### TASK TO CARRY OUT
Write down exactly the lines of the listing below, beginning with the one containing "text \<open>A distribution" and closing with the final line.

### DATASET RECORDS

※

(* Let $\mathcal P_s$ be the strong-identification parameter space defined below. Then $\inf_{(\theta,F)\in\mathcal P_s}\tau_{\min}(A_F)>0$, where $\tau_{\min}(A_F)$ denotes the smallest singular value of $A_F$.
   Context: General MTE setup. Observables are $(Y,D,Z)$ with $Y\in\mathbb R$, $D\in\{0,1\}$, $Z$ discrete with support $\{z_0,\dots,z_K\}$. Fix an integer $M\ge1$ and known continuous functions $h_1,\dots,h_M$ on $(0,1)$; set $\lambda_{10}=\lambda_{00}\equiv1$ and for $m=1,\dots,M$, $p\in(0,1)$: $\lambda_{1m}(p)=\frac1p\int_0^p h_m(u)du$, $\lambda_{0m}(p)=\frac1{1-p}\int_p^1 h_m(u)du$. For $p=(p(z_0),\dots,p(z_K))'\in(0,1)^{K+1}$ let $A_d(p)$ be the $(K+1)\times(M+1)$ matrix with $(\ell,m)$ entry $\lambda_{dm}(p(z_\ell))$ ($\ell=0,\dots,K$; $m=0,\dots,M$), and $A(p)=\mathrm{diag}(A_1(p),A_0(p))\in\mathbb R^{2(K+1)\times 2(M+1)}$. Parameters: $\theta=(\theta_1',\theta_0')'$, $\theta_d=(\theta_{d0},\dots,\theta_{dM})'=(\mu_d,\rho_{d1},\dots,\rho_{dM})'$. For a distribution $F$ of $(Y,D,Z)$: $q_F(z_\ell)=P_F(Z=z_\ell)$, $p_F(z_\ell)=P_F(D=1\mid Z=z_\ell)$, $p_F=(p_F(z_0),\dots,p_F(z_K))'$, $\beta_{F,d\ell}=E_F[Y\mid D=d,Z=z_\ell]$, $\beta_{F,d}=(\beta_{F,d0},\dots,\beta_{F,dK})'$, $\beta_F=(\beta_{F,1}',\beta_{F,0}')'$, $\sigma^2_{F,d\ell}=\mathrm{Var}_F(Y\mid D=d,Z=z_\ell)$, $A_F=A(p_F)$. Parameter space: fix $\delta,\zeta>0$, $\epsilon\in(0,1/2)$ and a compact $\Theta\subset\mathbb R^{2(M+1)}$ with nonempty interior. $\mathcal P$ is the set of pairs $(\theta,F)$ such that (i) $K\ge M$, $\theta\in\mathrm{int}(\Theta)$ and $A_F\theta=\beta_F$; (ii) $\sup_{d\in\{0,1\}}\sup_{\ell}E_F[|Y|^{2+\delta}\mid D=d,Z=z_\ell]\le\zeta$; (iii) $\epsilon\le p_F(z_\ell)\le 1-\epsilon$ for all $\ell$; (iv) $\epsilon\le q_F(z_\ell)\le1-\epsilon$ for all $\ell$; (v) $\sigma^2_{F,d\ell}\ge\epsilon$ for all $d,\ell$. Strong-identification parameter space: $\mathcal P_s$ is the set of $(\theta,F)\in\mathcal P$ (same $\delta,\zeta,\epsilon$) such that the families $\{\lambda_{1m}\}_{m=0}^M$ and $\{\lambda_{0m}\}_{m=0}^M$ are each unisolvent on $(0,1)$ (a set of $n$ functions $f_1,\dots,f_n$ is unisolvent on $\Omega$ if for any $n$ distinct points $x_1,\dots,x_n\in\Omega$ the matrix $(f_i(x_j))$ has nonzero determinant), and there exists an index set $\mathcal S\subseteq\{0,\dots,K\}$ with $|\mathcal S|=M+1$ and $\min_{j,k\in\mathcal S,j\ne k}|p_F(z_j)-p_F(z_k)|\ge\epsilon$. *)

theory Defs
  imports "HOL-Probability.Probability_Measure" "Jordan_Normal_Form.Char_Poly"
begin

definition sing_min :: "real mat \<Rightarrow> real" where
  "sing_min A = sqrt (Min {k. eigenvalue (transpose_mat A * A) k})"

definition unisolvent :: "(nat \<Rightarrow> real \<Rightarrow> real) \<Rightarrow> nat \<Rightarrow> real set \<Rightarrow> bool" where
  "unisolvent f n \<Omega> \<longleftrightarrow>
     (\<forall>x :: nat \<Rightarrow> real. (\<forall>j<n. x j \<in> \<Omega>) \<and> inj_on x {..<n} \<longrightarrow>
        det (mat n n (\<lambda>(i, j). f i (x j))) \<noteq> 0)"

text \<open>d = True corresponds to D = 1, d = False to D = 0.\<close>
definition lam :: "(nat \<Rightarrow> real \<Rightarrow> real) \<Rightarrow> bool \<Rightarrow> nat \<Rightarrow> real \<Rightarrow> real" where
  "lam h d m p =
     (if m = 0 then 1
      else if d then (1 / p) * integral {0..p} (h m)
      else (1 / (1 - p)) * integral {p..1} (h m))"

text \<open>A(p) = diag(A_1(p), A_0(p)), a 2(K+1) x 2(M+1) real matrix; p is indexed by 0..K.\<close>
definition Amat :: "(nat \<Rightarrow> real \<Rightarrow> real) \<Rightarrow> nat \<Rightarrow> nat \<Rightarrow> (nat \<Rightarrow> real) \<Rightarrow> real mat" where
  "Amat h K M p = mat (2 * (K + 1)) (2 * (M + 1)) (\<lambda>(r, c).
      if r < K + 1 \<and> c < M + 1 then lam h True c (p r)
      else if K + 1 \<le> r \<and> M + 1 \<le> c then lam h False (c - (M + 1)) (p (r - (K + 1)))
      else 0)"

text \<open>A distribution F of (Y,D,Z) is a probability measure on real x bool x nat; the support
  point z_l of Z is encoded by its index l (l = 0..K).\<close>

definition obsY :: "real \<times> bool \<times> nat \<Rightarrow> real" where "obsY w = fst w"
definition obsD :: "real \<times> bool \<times> nat \<Rightarrow> bool" where "obsD w = fst (snd w)"
definition obsZ :: "real \<times> bool \<times> nat \<Rightarrow> nat" where "obsZ w = snd (snd w)"

definition cellZ :: "(real \<times> bool \<times> nat) measure \<Rightarrow> nat \<Rightarrow> (real \<times> bool \<times> nat) set" where
  "cellZ F l = {w \<in> space F. obsZ w = l}"

definition cellDZ :: "(real \<times> bool \<times> nat) measure \<Rightarrow> bool \<Rightarrow> nat \<Rightarrow> (real \<times> bool \<times> nat) set" where
  "cellDZ F d l = {w \<in> space F. obsD w = d \<and> obsZ w = l}"

definition qF :: "(real \<times> bool \<times> nat) measure \<Rightarrow> nat \<Rightarrow> real" where
  "qF F l = measure F (cellZ F l)"

definition pF :: "(real \<times> bool \<times> nat) measure \<Rightarrow> nat \<Rightarrow> real" where
  "pF F l = measure F (cellDZ F True l) / measure F (cellZ F l)"

definition betaF :: "(real \<times> bool \<times> nat) measure \<Rightarrow> bool \<Rightarrow> nat \<Rightarrow> real" where
  "betaF F d l = (\<integral>w. obsY w * indicator (cellDZ F d l) w \<partial>F) / measure F (cellDZ F d l)"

※

### EXPECTED ANSWER
text \<open>A distribution F of (Y,D,Z) is a probability measure on real x bool x nat; the support
  point z_l of Z is encoded by its index l (l = 0..K).\<close>

definition obsY :: "real \<times> bool \<times> nat \<Rightarrow> real" where "obsY w = fst w"
definition obsD :: "real \<times> bool \<times> nat \<Rightarrow> bool" where "obsD w = fst (snd w)"
definition obsZ :: "real \<times> bool \<times> nat \<Rightarrow> nat" where "obsZ w = snd (snd w)"

definition cellZ :: "(real \<times> bool \<times> nat) measure \<Rightarrow> nat \<Rightarrow> (real \<times> bool \<times> nat) set" where
  "cellZ F l = {w \<in> space F. obsZ w = l}"

definition cellDZ :: "(real \<times> bool \<times> nat) measure \<Rightarrow> bool \<Rightarrow> nat \<Rightarrow> (real \<times> bool \<times> nat) set" where
  "cellDZ F d l = {w \<in> space F. obsD w = d \<and> obsZ w = l}"

definition qF :: "(real \<times> bool \<times> nat) measure \<Rightarrow> nat \<Rightarrow> real" where
  "qF F l = measure F (cellZ F l)"

definition pF :: "(real \<times> bool \<times> nat) measure \<Rightarrow> nat \<Rightarrow> real" where
  "pF F l = measure F (cellDZ F True l) / measure F (cellZ F l)"

definition betaF :: "(real \<times> bool \<times> nat) measure \<Rightarrow> bool \<Rightarrow> nat \<Rightarrow> real" where
  "betaF F d l = (\<integral>w. obsY w * indicator (cellDZ F d l) w \<partial>F) / measure F (cellDZ F d l)"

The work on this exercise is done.